• _How to complete this task_
Reproduce word for word, from the entries below, the line with "mult_nonneg_nonneg integral_nonneg_AE) auto", the line with "powr b \<le>", and every line between them, and nothing more.

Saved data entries

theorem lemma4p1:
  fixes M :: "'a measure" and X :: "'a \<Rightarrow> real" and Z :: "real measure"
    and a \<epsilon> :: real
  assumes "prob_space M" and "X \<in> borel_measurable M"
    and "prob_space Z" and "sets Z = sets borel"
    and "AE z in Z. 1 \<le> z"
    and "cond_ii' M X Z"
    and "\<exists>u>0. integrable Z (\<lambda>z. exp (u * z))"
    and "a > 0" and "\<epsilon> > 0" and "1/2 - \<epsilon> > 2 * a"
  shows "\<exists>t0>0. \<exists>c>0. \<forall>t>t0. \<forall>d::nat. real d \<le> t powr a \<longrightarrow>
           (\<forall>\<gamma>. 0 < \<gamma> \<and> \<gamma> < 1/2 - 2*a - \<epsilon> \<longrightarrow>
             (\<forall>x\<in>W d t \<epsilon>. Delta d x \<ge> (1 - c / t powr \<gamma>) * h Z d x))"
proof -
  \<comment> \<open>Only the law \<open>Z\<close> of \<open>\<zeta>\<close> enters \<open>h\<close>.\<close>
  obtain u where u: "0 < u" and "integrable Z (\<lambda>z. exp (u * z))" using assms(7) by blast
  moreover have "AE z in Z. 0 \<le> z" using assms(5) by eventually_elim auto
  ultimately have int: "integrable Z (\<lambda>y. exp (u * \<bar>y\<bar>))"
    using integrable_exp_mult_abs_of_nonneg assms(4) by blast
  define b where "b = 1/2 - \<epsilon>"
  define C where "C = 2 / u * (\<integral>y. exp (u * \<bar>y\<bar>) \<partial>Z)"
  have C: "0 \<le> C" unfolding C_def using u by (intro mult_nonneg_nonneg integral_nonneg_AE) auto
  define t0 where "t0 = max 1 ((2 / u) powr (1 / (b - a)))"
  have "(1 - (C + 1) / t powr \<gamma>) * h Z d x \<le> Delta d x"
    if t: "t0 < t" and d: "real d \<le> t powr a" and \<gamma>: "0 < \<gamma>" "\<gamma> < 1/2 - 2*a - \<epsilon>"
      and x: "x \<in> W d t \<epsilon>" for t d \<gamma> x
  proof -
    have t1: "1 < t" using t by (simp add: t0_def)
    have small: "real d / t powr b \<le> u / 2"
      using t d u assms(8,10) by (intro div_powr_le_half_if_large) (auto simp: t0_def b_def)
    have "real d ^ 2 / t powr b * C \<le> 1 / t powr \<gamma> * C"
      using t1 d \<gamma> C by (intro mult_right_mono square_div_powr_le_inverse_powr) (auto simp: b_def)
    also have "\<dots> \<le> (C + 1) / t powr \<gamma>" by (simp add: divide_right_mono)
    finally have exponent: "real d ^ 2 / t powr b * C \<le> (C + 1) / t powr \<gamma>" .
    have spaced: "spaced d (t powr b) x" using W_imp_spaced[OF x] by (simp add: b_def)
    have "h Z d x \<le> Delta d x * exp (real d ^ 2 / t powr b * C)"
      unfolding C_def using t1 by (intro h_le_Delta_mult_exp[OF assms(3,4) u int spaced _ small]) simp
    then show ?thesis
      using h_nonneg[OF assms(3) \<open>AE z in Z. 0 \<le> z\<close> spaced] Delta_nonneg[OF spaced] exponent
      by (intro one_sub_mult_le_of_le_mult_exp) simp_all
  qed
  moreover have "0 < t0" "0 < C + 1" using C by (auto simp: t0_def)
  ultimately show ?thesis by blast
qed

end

• _Final answer_
  have C: "0 \<le> C" unfolding C_def using u by (intro mult_nonneg_nonneg integral_nonneg_AE) auto
  define t0 where "t0 = max 1 ((2 / u) powr (1 / (b - a)))"
  have "(1 - (C + 1) / t powr \<gamma>) * h Z d x \<le> Delta d x"
    if t: "t0 < t" and d: "real d \<le> t powr a" and \<gamma>: "0 < \<gamma>" "\<gamma> < 1/2 - 2*a - \<epsilon>"
      and x: "x \<in> W d t \<epsilon>" for t d \<gamma> x
  proof -
    have t1: "1 < t" using t by (simp add: t0_def)
    have small: "real d / t powr b \<le> u / 2"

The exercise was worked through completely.